Dem Antragsteller steht nach alledem gegenüber dem Antragsgegner ein (Anordnungs-)Anspruch auf Erteilung einer
vorläufigen Genehmigung für eine Sitzverlegung zu.
Allerdings war auf die Beschwerde des Antragsgegners der Beschluss des SG hinsichtlich seines zeitlichen Umfangs
zu ändern. Die Ermittlung des Sachverhalts und dessen Bewertung im Rahmen der Verlegung von Vertragsarztsitzen
bleibt den Zulassungsgremien vorbehalten, denen wegen ihrer besonderen Fachkunde und Ortsnähe ein
umfangreicher Beurteilungsspielraum zukommt. Es obliegt damit den Zulassungsinstanzen (und nicht den
Sozialgerichten), ggf fehlende Sachverhaltsermittlungen im Hauptsacheverfahren nachzuholen und diese bei der
neuerlichen Beurteilung, ob hier Gründe der vertragsärztlichen Versorgung der beantragten Sitzverlegung
entgegenstehen, zu berücksichtigen. Der Anordnungsanspruch des Antragstellers umfasst in zeitlicher Hinsicht daher
nur die Verpflichtung zur vorläufigen Genehmigung einer Sitzverlegung, bis der Antragsgegner in der Hauptsache
bestandskräftig oder bestätigt durch eine rechtskräftige Entscheidung im sozialgerichtlichen Verfahren den
streitbefangenen Verlegungsantrag beschieden hat.

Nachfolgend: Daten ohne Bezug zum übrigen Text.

(* The assignment $(G,H)\mapsto\mathcal A_{lc}(G,H)$ is a functor from $(\text{Graphs})\times(\text{Graphs})$ to $\mathbb C$-algebras which is covariant in the first factor and contravariant in the second, where morphisms of graphs are the usual graph homomorphisms.
   Context: Graphs are finite with symmetric edge sets; write $v\sim w$ for adjacency; a graph homomorphism $\phi:G\to H$ is a map $V(G)\to V(H)$ with $v\sim w\Rightarrow\phi(v)\sim\phi(w)$. For graphs $G,H$, $\mathcal A_{lc}(G,H)$ is the unital complex algebra generated by $e_{v,x}$ ($v\in V(G)$, $x\in V(H)$) with relations: $\sum_{x}e_{v,x}=1$; $e_{v,x}^2=e_{v,x}$; $e_{v,x}e_{v,y}=0$ for $x\ne y$; $e_{v,x}e_{w,y}=0$ if $v\sim w$ and $x\not\sim y$; $e_{v,x}e_{w,y}=e_{w,y}e_{v,x}$ if $v\sim w$. *)

theory Defs
  imports Complex_Main
begin

record 'a graph =
  verts :: "'a set"
  adj :: "'a \<Rightarrow> 'a \<Rightarrow> bool"

text \<open>Finite graph with symmetric edge relation (loops not excluded).\<close>
definition is_graph :: "'a graph \<Rightarrow> bool" where
  "is_graph G \<longleftrightarrow> finite (verts G)
     \<and> (\<forall>v w. adj G v w \<longrightarrow> v \<in> verts G \<and> w \<in> verts G)
     \<and> (\<forall>v w. adj G v w \<longrightarrow> adj G w v)"

definition graph_hom :: "('a \<Rightarrow> 'b) \<Rightarrow> 'a graph \<Rightarrow> 'b graph \<Rightarrow> bool" where
  "graph_hom \<phi> G H \<longleftrightarrow> (\<forall>v\<in>verts G. \<phi> v \<in> verts H)
     \<and> (\<forall>v w. adj G v w \<longrightarrow> adj H (\<phi> v) (\<phi> w))"

text \<open>Elements of the free algebra are finitely supported complex functions on words.\<close>
type_synonym 'a fa = "'a list \<Rightarrow> complex"

definition fa_carrier :: "'a set \<Rightarrow> 'a fa set" where
  "fa_carrier S = {f. finite {w. f w \<noteq> 0} \<and> (\<forall>w. f w \<noteq> 0 \<longrightarrow> set w \<subseteq> S)}"

definition fa_zero :: "'a fa" where "fa_zero = (\<lambda>w. 0)"
definition fa_one :: "'a fa" where "fa_one = (\<lambda>w. if w = [] then 1 else 0)"
definition fa_gen :: "'a \<Rightarrow> 'a fa" where "fa_gen a = (\<lambda>w. if w = [a] then 1 else 0)"
definition fa_add :: "'a fa \<Rightarrow> 'a fa \<Rightarrow> 'a fa" where "fa_add f g = (\<lambda>w. f w + g w)"
definition fa_diff :: "'a fa \<Rightarrow> 'a fa \<Rightarrow> 'a fa" where "fa_diff f g = (\<lambda>w. f w - g w)"
definition fa_smult :: "complex \<Rightarrow> 'a fa \<Rightarrow> 'a fa" where "fa_smult c f = (\<lambda>w. c * f w)"
definition fa_sum :: "('i \<Rightarrow> 'a fa) \<Rightarrow> 'i set \<Rightarrow> 'a fa" where
  "fa_sum F I = (\<lambda>w. \<Sum>i\<in>I. F i w)"
definition fa_mult :: "'a fa \<Rightarrow> 'a fa \<Rightarrow> 'a fa" where
  "fa_mult f g = (\<lambda>w. \<Sum>i\<le>length w. f (take i w) * g (drop i w))"

definition fa_word_prod :: "('a \<Rightarrow> 'b fa) \<Rightarrow> 'a list \<Rightarrow> 'b fa" where
  "fa_word_prod img w = foldr (\<lambda>a acc. fa_mult (img a) acc) w fa_one"

definition fa_extend :: "('a \<Rightarrow> 'b fa) \<Rightarrow> 'a fa \<Rightarrow> 'b fa" where
  "fa_extend img f = fa_sum (\<lambda>w. fa_smult (f w) (fa_word_prod img w)) {w. f w \<noteq> 0}"

definition lc_relators :: "'g graph \<Rightarrow> 'h graph \<Rightarrow> ('g \<times> 'h) fa set" where
  "lc_relators G H =
     {fa_diff (fa_sum (\<lambda>x. fa_gen (v, x)) (verts H)) fa_one | v. v \<in> verts G}
   \<union> {fa_diff (fa_mult (fa_gen (v, x)) (fa_gen (v, x))) (fa_gen (v, x)) | v x.
        v \<in> verts G \<and> x \<in> verts H}
   \<union> {fa_mult (fa_gen (v, x)) (fa_gen (v, y)) | v x y.
        v \<in> verts G \<and> x \<in> verts H \<and> y \<in> verts H \<and> x \<noteq> y}
   \<union> {fa_mult (fa_gen (v, x)) (fa_gen (w, y)) | v w x y.
        adj G v w \<and> x \<in> verts H \<and> y \<in> verts H \<and> \<not> adj H x y}
   \<union> {fa_diff (fa_mult (fa_gen (v, x)) (fa_gen (w, y))) (fa_mult (fa_gen (w, y)) (fa_gen (v, x))) | v w x y.
        adj G v w \<and> x \<in> verts H \<and> y \<in> verts H}"
(* Let $(V,\mathrm{dist})$ be a metric space in which every nonzero distance lies in $[1,\Delta]$, let $P$ be a stream (sequence) of $n$ points of $V$, and let $\epsilon\in(0,1/4)$. Define $f$ on finite multisets $S$ of points by $f(S):=\mathrm{MaxCut}(S)+|S|\cdot\epsilon/n$. Then $f$ is $(\epsilon,\tfrac{1}{64}\epsilon)$-smooth.
   Context: Multisets/sequences of points: for $S,T$, $\mathrm{cut}(S,T):=\sum_{x\in S}\sum_{y\in T}\mathrm{dist}(x,y)$ and $\mathrm{MaxCut}(S):=\max_{T\subseteq S}\mathrm{cut}(T,S\setminus T)$. For sequences $A,B$, $B\subseteq_r A$ means $B$ is a prefix of $A$ (in the stream order). A function $f$ is $(\alpha,\beta)$-smooth if for every $A$ (a contiguous portion of the stream): (1) $f(A)\ge0$; (2) $f(A)\ge f(B)$ whenever $B\subseteq_r A$; (3) $f(A)\le\mathrm{poly}(|A|)\cdot\Delta$; (4) $0<\beta\le\alpha<1$, and whenever $B\subseteq_r A$ and $(1-\beta)f(A)\le f(B)$, then $(1-\alpha)f(A\cup C)\le f(B\cup C)$ for every $C\subseteq V$. *)

theory Defs
  imports Complex_Main "HOL-Library.Multiset" "HOL-Library.Sublist"
    "HOL-Computational_Algebra.Polynomial"
begin

definition cut :: "'a::metric_space multiset \<Rightarrow> 'a multiset \<Rightarrow> real" where
  "cut S T = (\<Sum>x\<in>#S. \<Sum>y\<in>#T. dist x y)"

definition MaxCut :: "'a::metric_space multiset \<Rightarrow> real" where
  "MaxCut S = Max {cut T (S - T) | T. T \<subseteq># S}"

definition fcut :: "real \<Rightarrow> nat \<Rightarrow> 'a::metric_space multiset \<Rightarrow> real" where
  "fcut eps n S = MaxCut S + real (size S) * eps / real n"

text \<open>Contiguous portions of the stream are the sublists (infixes) of P; B \<subseteq>_r A is
  'prefix B A'; A \<union> C is multiset union.\<close>
definition smooth ::
  "('a multiset \<Rightarrow> real) \<Rightarrow> 'a list \<Rightarrow> real \<Rightarrow> real \<Rightarrow> real \<Rightarrow> bool" where
  "smooth f P Delta \<alpha> \<beta> \<longleftrightarrow>
     (\<forall>A. sublist A P \<longrightarrow> 0 \<le> f (mset A)) \<and>
     (\<forall>A B. sublist A P \<longrightarrow> prefix B A \<longrightarrow> f (mset B) \<le> f (mset A)) \<and>
     (\<exists>p :: real poly. \<forall>A. sublist A P \<longrightarrow> f (mset A) \<le> poly p (real (length A)) * Delta) \<and>
     0 < \<beta> \<and> \<beta> \<le> \<alpha> \<and> \<alpha> < 1 \<and>
     (\<forall>A B C. sublist A P \<longrightarrow> prefix B A \<longrightarrow> (1 - \<beta>) * f (mset A) \<le> f (mset B) \<longrightarrow>
        (1 - \<alpha>) * f (mset A + C) \<le> f (mset B + C))"

end

theory Submission
  imports Defs
begin

text \<open>
  MaxCut is superadditive up to half the cross cut and subadditive up to the full cross cut,
  and by the triangle inequality a cut between two multisets can be charged, with size weights,
  to the cuts through a third one. Write \<open>f S = MaxCut S + e |S|\<close> with \<open>e = \<epsilon>/n > 0\<close> and
  \<open>b = \<epsilon>/64\<close>, and let \<open>A = B + D\<close> with \<open>(1 - b) f A \<le> f B\<close>. Superadditivity turns the small
  increment \<open>f A - f B\<close> into \<open>MaxCut D + cut B D + e |D| \<le> 2 b f A\<close>; charging \<open>cut B B\<close> to
  \<open>cut B D\<close> then gives \<open>|D| \<le> 3 b |B|\<close> (this is where \<open>e > 0\<close> is needed: it keeps \<open>f A\<close>
  positive). For any \<open>C\<close>, subadditivity bounds \<open>f (A + C) - f (B + C)\<close> by that increment plus
  \<open>cut D C\<close>, and charging \<open>cut D C\<close> to \<open>cut B D\<close> and \<open>cut B C\<close> bounds it by
  \<open>11 b f (A + C)\<close>, so the loss is at most \<open>13 b f (A + C) \<le> \<epsilon> f (A + C)\<close>.
\<close>

lemma cut_add_left [simp]: "cut (A + B) C = cut A C + cut B C"
  by (simp add: cut_def)

lemma cut_add_right [simp]: "cut A (B + C) = cut A B + cut A C"
  by (simp add: cut_def sum_mset.distrib)

lemma cut_commute: "cut A B = cut B A"
  unfolding cut_def by (subst sum_mset.swap) (simp add: dist_commute)

lemma cut_nonneg: "0 \<le> cut A B"
proof -
  have "0 \<le> (\<Sum>y\<in>#B. dist x y)" for x
    by (induction B) auto
  then show ?thesis
    unfolding cut_def by (induction A) (auto intro: add_nonneg_nonneg)
qed

lemma cut_triangle:
  "real (size Y) * cut X Z \<le> real (size Z) * cut X Y + real (size X) * cut Y Z"
proof -
  have "real (size Y) * cut X Z = (\<Sum>y\<in>#Y. \<Sum>x\<in>#X. \<Sum>z\<in>#Z. dist x z)"
    unfolding cut_def by simp
  also have "\<dots> \<le> (\<Sum>y\<in>#Y. \<Sum>x\<in>#X. \<Sum>z\<in>#Z. dist y x + dist y z)"
    by (intro sum_mset_mono) (metis dist_commute dist_triangle)
  also have "\<dots> = real (size Z) * cut Y X + real (size X) * cut Y Z"
    by (simp add: cut_def sum_mset.distrib sum_mset_distrib_left)
  finally show ?thesis
    by (simp add: cut_commute)
qed

lemma cut_le_size_mult:
  fixes S T :: "'a::metric_space multiset"
  assumes "\<And>x y :: 'a. dist x y \<le> Delta"
  shows "cut S T \<le> real (size S) * real (size T) * Delta"
proof -
  have "cut S T \<le> (\<Sum>x\<in>#S. \<Sum>y\<in>#T. Delta)"
    unfolding cut_def by (intro sum_mset_mono) (use assms in blast)
  then show ?thesis
    by simp
qed

lemma finite_submultisets: "finite {T. T \<subseteq># S}"
proof (rule finite_subset)
  show "{T. T \<subseteq># S} \<subseteq> (\<Union>k\<le>size S. multisets_of_size (set_mset S) k)"
    by (auto simp: multisets_of_size_def dest: mset_subset_eqD size_mset_mono)
qed auto

lemma cut_le_MaxCut: "cut T U \<le> MaxCut (T + U)"
proof -
  have "finite ((\<lambda>T'. cut T' (T + U - T')) ` {T'. T' \<subseteq># T + U})"
    using finite_submultisets by blast
  then show ?thesis
    unfolding MaxCut_def setcompr_eq_image by (rule Max_ge) (rule rev_image_eqI[of T], auto)
qed
definition frozen_on :: "('a \<Rightarrow> 'a \<Rightarrow> bool) \<Rightarrow> ('a \<Rightarrow> nat set) \<Rightarrow> ('a \<Rightarrow> nat) \<Rightarrow> 'a set \<Rightarrow> bool" where
  "frozen_on E L \<phi> F \<longleftrightarrow> (\<forall>x\<in>F. \<forall>c\<in>L x - {\<phi> x}. \<exists>u\<in>F. E x u \<and> \<phi> u = c)"

lemma recol_reachable_agree_on_frozen:
  assumes frozen: "frozen_on E L \<phi> F"
    and reach: "(recol_adj V E L)\<^sup>*\<^sup>* \<phi> \<psi>"
  shows "\<forall>x\<in>F. \<psi> x = \<phi> x"
  using reach
proof (induction rule: rtranclp_induct)
  case base
  then show ?case by simp
next
  case (step \<psi> \<psi>')
  obtain y where y: "y \<in> V" "\<psi>' y \<noteq> \<psi> y" and upd: "\<psi>' = \<psi>(y := \<psi>' y)"
    using recol_adj_imp_fun_upd[OF step.hyps(2)] by blast
  have colouring: "\<psi>' \<in> L_colourings V E L"
    using step.hyps(2) by (simp add: recol_adj_def)
  have "y \<notin> F"
  proof
    assume "y \<in> F"
    have "\<psi>' y \<in> L y - {\<phi> y}"
      using colouring y step.IH \<open>y \<in> F\<close> by (auto simp: L_colourings_def)
    then obtain u where u: "u \<in> F" "E y u" "\<phi> u = \<psi>' y"
      using frozen \<open>y \<in> F\<close> unfolding frozen_on_def by blast
    then have "u \<noteq> y" using y step.IH \<open>y \<in> F\<close> by auto
    then have "\<psi>' u = \<psi>' y"
      using u step.IH upd by (metis fun_upd_other)
    with u(2) colouring show False by (simp add: L_colourings_def) metis
  qed
  then show ?case using step.IH upd by (metis fun_upd_other)
qed

definition recol_component :: "'a set \<Rightarrow> ('a \<Rightarrow> 'a \<Rightarrow> bool) \<Rightarrow> ('a \<Rightarrow> nat set) \<Rightarrow> ('a \<Rightarrow> nat) \<Rightarrow> ('a \<Rightarrow> nat) set" where
  "recol_component V E L \<phi> = {\<psi> \<in> L_colourings V E L. (recol_adj V E L)\<^sup>*\<^sup>* \<phi> \<psi>}"

lemma recol_component_in_nonsingleton_components:
  assumes "\<phi> \<in> L_colourings V E L" "recol_adj V E L \<phi> \<psi>"
  shows "recol_component V E L \<phi> \<in> nonsingleton_components V E L"
proof -
  have "recol_component V E L \<phi> \<in> recol_components V E L"
    using assms(1) by (auto simp: recol_components_def recol_component_def)
  moreover have "\<phi> \<in> recol_component V E L \<phi>" "\<psi> \<in> recol_component V E L \<phi>"
    using assms r_into_rtranclp[of "recol_adj V E L", OF assms(2)]
    by (auto simp: recol_component_def recol_adj_def)
  moreover have "\<phi> \<noteq> \<psi>"
    using assms(2) by (auto simp: recol_adj_def)
  ultimately show ?thesis
    unfolding nonsingleton_components_def by blast
qed

lemma finite_nonsingleton_components:
  assumes "finite V" "\<forall>v\<in>V. finite (L v)"
  shows "finite (nonsingleton_components V E L)"
proof -
  have "finite (\<Pi>\<^sub>E v\<in>V. L v)"
    using assms by (intro finite_PiE) auto
  then have "finite (L_colourings V E L)"
    by (rule rev_finite_subset) (auto simp: L_colourings_def)
  moreover have "nonsingleton_components V E L \<subseteq> Pow (L_colourings V E L)"
    by (auto simp: nonsingleton_components_def recol_components_def)
  ultimately show ?thesis
    by (meson finite_Pow_iff rev_finite_subset)
qed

2. Der Erlass einer Regelungsanordnung ist schließlich auch zur Abwendung wesentlicher Nachteile nötig
(Anordnungsgrund).
So kann eine ohne Genehmigung erfolgte tatsächliche Aufgabe des Vertragsarztsitzes mit gleichzeitiger
Niederlassung an einem Ort als Wegzug aus dem "Bezirk seines Kassenarztsitzes" iS von § 95 Abs 7 Satz 1
Sozialgesetzbuch Fünftes Buch (SGB V) angesehen werden (Schallen, aaO, RdNr 52, mwN). Da der Antragsteller
mittlerweile ohne eine sachliche oder personelle Praxisausstattung ist, benötigt er dringend Klarheit darüber, an
welchem Ort er bis zu einer abschließenden Entscheidung in der Hauptsache seiner vertragsärztlichen Tätigkeit
nachkommen kann, ohne der Gefahr ausgesetzt zu sein, seine Zulassung aufgrund der angesprochenen gesetzlichen
Bestimmung zu verlieren.
Die Kostenentscheidung folgt aus § 197 a Abs 1 Satz 1 SGG iVm §§ 154 Abs 1, 155 Abs 1 und §§ 162 Abs 3, 154
Abs 3 Verwaltungsgerichtsordnung (VwGO). Dabei sieht der Senat gemäß § 155 Abs 1 Satz 3 VwGO davon ab, dem
Antragsteller anteilige Kosten aufzuerlegen.
Die Streitwertbemessung folgt aus § 197 a Abs 1 Satz 1 SGG iVm §§ 47 Abs 1, 53 Abs 3 Nr 4 und § 52 Abs 2
Gerichtskostengesetz. Da die hier begehrte vorläufige Verlegung eines Vertragsarztsitzes keine Anhaltspunkte für
eine Bewertung der sich hieraus ergebenden wirtschaftlichen Vorteile bietet, ist der Regelstreitwert von 5.000,00 Euro
festzusetzen.
Dieser Beschluss ist nicht anfechtbar (§ 177 SGG).